» Task goal: Every line below between the one holding "(\<Sum>\<^sub>\<infinity>k::int. f (t" and the one holding "the weighted inequality", inclusive, should be copied exactly, and no other line.
Segment Open
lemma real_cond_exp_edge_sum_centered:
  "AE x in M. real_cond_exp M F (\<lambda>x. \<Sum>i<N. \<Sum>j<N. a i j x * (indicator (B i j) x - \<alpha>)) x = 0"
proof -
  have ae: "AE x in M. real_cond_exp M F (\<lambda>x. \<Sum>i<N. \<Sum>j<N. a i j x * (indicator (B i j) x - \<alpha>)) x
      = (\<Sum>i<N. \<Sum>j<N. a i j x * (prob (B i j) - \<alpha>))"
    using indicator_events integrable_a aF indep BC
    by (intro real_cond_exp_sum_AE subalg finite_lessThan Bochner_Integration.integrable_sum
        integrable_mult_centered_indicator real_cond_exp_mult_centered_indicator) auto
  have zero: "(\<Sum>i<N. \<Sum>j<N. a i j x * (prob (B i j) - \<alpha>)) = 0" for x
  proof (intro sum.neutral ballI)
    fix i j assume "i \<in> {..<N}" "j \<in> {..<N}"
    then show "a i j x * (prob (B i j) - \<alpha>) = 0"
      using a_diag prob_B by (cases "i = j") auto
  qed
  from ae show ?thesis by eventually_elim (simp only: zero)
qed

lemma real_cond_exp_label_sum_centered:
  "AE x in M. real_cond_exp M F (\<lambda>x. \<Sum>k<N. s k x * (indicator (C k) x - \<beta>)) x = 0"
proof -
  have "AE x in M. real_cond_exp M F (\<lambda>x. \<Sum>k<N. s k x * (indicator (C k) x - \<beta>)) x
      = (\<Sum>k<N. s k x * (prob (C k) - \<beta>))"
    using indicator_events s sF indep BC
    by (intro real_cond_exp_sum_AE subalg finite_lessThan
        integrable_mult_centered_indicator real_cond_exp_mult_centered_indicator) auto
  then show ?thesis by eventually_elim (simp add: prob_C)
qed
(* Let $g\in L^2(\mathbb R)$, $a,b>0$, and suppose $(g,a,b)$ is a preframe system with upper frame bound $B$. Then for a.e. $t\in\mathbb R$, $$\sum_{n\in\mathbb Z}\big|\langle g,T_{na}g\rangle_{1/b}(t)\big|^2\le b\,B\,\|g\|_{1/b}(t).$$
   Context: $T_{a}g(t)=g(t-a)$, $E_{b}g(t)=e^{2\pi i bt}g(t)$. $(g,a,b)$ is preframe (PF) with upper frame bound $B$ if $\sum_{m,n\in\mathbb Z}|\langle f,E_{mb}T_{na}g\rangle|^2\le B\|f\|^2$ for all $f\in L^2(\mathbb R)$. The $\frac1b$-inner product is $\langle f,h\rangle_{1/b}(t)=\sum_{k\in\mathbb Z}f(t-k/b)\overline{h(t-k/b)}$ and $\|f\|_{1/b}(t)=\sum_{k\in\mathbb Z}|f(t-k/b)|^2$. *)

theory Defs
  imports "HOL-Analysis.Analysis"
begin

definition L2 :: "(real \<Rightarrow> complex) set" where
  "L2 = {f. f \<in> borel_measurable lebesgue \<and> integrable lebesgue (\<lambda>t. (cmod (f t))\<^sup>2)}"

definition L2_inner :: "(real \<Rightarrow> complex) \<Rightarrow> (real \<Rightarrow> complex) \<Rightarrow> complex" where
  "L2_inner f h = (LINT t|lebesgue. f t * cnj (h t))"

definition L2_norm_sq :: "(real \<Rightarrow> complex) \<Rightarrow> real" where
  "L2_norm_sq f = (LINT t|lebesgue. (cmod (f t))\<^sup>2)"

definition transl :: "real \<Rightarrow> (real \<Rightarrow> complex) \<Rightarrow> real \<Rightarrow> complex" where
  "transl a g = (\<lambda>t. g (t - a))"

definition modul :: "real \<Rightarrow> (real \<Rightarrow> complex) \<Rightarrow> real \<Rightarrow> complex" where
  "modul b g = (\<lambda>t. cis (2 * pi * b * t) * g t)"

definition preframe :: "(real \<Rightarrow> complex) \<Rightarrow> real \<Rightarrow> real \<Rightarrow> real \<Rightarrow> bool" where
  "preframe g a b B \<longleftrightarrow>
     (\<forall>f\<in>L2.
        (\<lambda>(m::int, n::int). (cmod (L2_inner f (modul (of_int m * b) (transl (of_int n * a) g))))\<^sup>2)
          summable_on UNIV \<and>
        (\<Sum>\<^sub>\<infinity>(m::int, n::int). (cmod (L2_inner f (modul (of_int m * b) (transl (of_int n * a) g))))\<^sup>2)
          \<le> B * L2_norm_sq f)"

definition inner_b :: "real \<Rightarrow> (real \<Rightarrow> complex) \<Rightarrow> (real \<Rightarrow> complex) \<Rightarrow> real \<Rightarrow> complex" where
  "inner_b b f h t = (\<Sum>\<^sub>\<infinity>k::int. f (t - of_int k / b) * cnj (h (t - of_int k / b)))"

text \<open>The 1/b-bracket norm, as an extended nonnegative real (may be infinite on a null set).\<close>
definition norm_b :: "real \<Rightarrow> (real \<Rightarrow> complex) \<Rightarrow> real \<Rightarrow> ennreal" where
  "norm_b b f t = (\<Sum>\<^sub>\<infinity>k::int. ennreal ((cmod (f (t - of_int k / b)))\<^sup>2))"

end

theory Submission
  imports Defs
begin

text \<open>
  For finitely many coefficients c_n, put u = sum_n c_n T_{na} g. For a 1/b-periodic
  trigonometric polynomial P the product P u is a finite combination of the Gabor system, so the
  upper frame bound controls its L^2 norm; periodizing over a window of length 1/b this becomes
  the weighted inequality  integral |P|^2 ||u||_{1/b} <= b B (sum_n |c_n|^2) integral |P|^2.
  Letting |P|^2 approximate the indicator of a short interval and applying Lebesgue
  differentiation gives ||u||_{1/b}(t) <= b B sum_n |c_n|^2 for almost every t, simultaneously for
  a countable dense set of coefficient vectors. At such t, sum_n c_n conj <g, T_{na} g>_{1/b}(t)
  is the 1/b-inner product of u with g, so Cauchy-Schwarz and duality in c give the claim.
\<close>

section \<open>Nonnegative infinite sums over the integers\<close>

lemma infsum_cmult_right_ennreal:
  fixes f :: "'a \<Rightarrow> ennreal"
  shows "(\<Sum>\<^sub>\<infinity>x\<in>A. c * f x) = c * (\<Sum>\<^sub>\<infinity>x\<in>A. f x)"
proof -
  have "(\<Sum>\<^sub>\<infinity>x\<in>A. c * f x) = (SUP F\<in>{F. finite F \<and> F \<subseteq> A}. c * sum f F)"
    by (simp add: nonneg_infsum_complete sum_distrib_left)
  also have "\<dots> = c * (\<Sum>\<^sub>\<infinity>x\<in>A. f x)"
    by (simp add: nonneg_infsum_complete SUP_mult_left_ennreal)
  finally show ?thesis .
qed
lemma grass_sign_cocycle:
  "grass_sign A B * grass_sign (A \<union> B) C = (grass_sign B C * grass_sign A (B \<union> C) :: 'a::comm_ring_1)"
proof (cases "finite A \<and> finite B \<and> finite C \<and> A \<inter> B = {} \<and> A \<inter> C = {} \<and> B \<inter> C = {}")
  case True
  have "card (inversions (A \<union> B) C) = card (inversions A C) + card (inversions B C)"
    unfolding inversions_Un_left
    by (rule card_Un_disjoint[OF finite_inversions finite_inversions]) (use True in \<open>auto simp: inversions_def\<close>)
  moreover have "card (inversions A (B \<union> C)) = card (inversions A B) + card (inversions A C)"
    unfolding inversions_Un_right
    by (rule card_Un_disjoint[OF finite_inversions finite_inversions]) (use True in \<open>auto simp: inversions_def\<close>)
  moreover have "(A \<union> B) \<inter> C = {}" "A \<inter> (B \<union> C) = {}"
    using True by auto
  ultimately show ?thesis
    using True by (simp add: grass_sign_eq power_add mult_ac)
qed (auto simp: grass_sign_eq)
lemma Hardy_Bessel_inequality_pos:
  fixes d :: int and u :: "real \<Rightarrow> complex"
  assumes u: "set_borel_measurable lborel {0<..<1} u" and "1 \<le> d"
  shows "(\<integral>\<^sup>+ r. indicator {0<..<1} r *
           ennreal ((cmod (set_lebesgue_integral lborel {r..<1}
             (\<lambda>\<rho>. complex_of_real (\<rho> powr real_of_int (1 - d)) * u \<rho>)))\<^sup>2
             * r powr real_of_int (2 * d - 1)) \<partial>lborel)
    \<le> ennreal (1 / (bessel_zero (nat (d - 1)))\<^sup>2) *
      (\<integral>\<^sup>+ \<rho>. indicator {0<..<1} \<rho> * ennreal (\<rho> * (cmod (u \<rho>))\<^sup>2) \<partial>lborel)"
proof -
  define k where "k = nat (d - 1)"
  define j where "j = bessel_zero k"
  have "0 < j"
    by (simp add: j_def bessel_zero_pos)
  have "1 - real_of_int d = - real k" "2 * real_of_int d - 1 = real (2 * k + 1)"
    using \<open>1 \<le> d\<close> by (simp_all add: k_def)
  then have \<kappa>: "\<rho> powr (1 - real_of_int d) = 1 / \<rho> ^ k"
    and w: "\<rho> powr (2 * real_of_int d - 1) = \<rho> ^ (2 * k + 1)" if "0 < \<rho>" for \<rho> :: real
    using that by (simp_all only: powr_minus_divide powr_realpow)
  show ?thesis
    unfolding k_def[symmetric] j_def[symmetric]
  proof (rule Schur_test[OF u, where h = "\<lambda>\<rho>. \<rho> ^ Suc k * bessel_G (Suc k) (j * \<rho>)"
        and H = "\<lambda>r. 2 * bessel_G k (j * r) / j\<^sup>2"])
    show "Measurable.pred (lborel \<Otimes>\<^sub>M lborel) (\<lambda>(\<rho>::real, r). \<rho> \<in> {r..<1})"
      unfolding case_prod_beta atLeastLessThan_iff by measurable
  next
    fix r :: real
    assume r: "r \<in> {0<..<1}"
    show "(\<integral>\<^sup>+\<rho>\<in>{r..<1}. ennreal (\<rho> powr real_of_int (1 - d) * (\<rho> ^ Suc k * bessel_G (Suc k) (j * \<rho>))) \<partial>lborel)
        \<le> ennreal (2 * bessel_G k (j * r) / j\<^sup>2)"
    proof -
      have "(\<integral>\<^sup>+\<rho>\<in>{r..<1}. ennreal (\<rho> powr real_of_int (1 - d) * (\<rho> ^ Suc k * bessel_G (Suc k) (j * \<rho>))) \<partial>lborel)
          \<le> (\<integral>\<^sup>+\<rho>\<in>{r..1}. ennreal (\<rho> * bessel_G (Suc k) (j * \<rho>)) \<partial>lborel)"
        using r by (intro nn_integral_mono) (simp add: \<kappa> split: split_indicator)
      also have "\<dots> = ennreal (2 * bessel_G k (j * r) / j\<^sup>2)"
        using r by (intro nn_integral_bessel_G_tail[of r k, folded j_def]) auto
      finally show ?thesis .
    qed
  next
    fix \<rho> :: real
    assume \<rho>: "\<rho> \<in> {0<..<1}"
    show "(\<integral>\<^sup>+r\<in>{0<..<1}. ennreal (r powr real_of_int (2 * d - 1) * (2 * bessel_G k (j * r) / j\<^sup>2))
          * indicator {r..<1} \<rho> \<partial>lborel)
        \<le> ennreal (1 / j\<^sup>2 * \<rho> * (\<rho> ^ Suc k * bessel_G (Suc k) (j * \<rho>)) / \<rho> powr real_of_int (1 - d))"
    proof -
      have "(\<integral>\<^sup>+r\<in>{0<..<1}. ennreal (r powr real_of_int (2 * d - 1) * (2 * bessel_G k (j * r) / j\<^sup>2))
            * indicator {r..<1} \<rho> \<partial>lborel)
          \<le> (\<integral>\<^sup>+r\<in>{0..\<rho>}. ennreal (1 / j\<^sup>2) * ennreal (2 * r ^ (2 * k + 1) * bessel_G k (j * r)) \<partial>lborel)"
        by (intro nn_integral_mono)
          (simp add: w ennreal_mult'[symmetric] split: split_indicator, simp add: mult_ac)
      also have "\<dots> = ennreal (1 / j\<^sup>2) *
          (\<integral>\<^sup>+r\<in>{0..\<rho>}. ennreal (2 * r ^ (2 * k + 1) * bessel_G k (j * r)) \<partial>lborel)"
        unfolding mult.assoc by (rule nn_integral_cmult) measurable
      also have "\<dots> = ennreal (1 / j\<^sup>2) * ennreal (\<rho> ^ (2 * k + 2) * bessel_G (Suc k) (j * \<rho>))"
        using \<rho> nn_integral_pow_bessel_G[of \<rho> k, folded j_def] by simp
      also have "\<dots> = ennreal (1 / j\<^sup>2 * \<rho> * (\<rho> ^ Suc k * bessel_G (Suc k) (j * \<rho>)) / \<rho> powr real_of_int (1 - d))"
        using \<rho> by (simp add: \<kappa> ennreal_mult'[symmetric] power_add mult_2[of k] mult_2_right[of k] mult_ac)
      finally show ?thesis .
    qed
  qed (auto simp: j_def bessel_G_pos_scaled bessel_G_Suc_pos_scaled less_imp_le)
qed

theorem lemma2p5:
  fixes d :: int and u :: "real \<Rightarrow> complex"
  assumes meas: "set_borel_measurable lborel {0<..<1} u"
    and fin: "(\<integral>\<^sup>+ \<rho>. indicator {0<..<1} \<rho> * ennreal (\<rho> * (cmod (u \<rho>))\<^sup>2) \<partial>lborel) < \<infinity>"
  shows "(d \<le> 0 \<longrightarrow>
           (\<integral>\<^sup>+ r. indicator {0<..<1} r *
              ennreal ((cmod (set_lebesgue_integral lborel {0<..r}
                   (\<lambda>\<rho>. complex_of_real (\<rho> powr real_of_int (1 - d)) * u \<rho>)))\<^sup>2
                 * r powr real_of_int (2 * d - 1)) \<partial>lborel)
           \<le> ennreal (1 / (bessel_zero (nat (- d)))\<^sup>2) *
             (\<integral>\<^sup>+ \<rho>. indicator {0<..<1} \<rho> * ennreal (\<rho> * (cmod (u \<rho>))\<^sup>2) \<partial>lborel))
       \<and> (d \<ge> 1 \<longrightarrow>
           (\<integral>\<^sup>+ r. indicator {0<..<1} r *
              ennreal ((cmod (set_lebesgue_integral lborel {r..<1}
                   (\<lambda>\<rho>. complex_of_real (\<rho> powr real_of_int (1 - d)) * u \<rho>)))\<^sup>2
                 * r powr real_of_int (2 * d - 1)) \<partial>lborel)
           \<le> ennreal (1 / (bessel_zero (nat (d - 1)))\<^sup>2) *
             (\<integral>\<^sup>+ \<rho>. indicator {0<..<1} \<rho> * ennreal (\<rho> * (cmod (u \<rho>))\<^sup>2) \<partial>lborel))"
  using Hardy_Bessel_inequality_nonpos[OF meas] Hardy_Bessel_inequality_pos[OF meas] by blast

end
Segment Closed
» The completed task:
  "inner_b b f h t = (\<Sum>\<^sub>\<infinity>k::int. f (t - of_int k / b) * cnj (h (t - of_int k / b)))"

text \<open>The 1/b-bracket norm, as an extended nonnegative real (may be infinite on a null set).\<close>
definition norm_b :: "real \<Rightarrow> (real \<Rightarrow> complex) \<Rightarrow> real \<Rightarrow> ennreal" where
  "norm_b b f t = (\<Sum>\<^sub>\<infinity>k::int. ennreal ((cmod (f (t - of_int k / b)))\<^sup>2))"

end

theory Submission
  imports Defs
begin

text \<open>
  For finitely many coefficients c_n, put u = sum_n c_n T_{na} g. For a 1/b-periodic
  trigonometric polynomial P the product P u is a finite combination of the Gabor system, so the
  upper frame bound controls its L^2 norm; periodizing over a window of length 1/b this becomes
  the weighted inequality  integral |P|^2 ||u||_{1/b} <= b B (sum_n |c_n|^2) integral |P|^2.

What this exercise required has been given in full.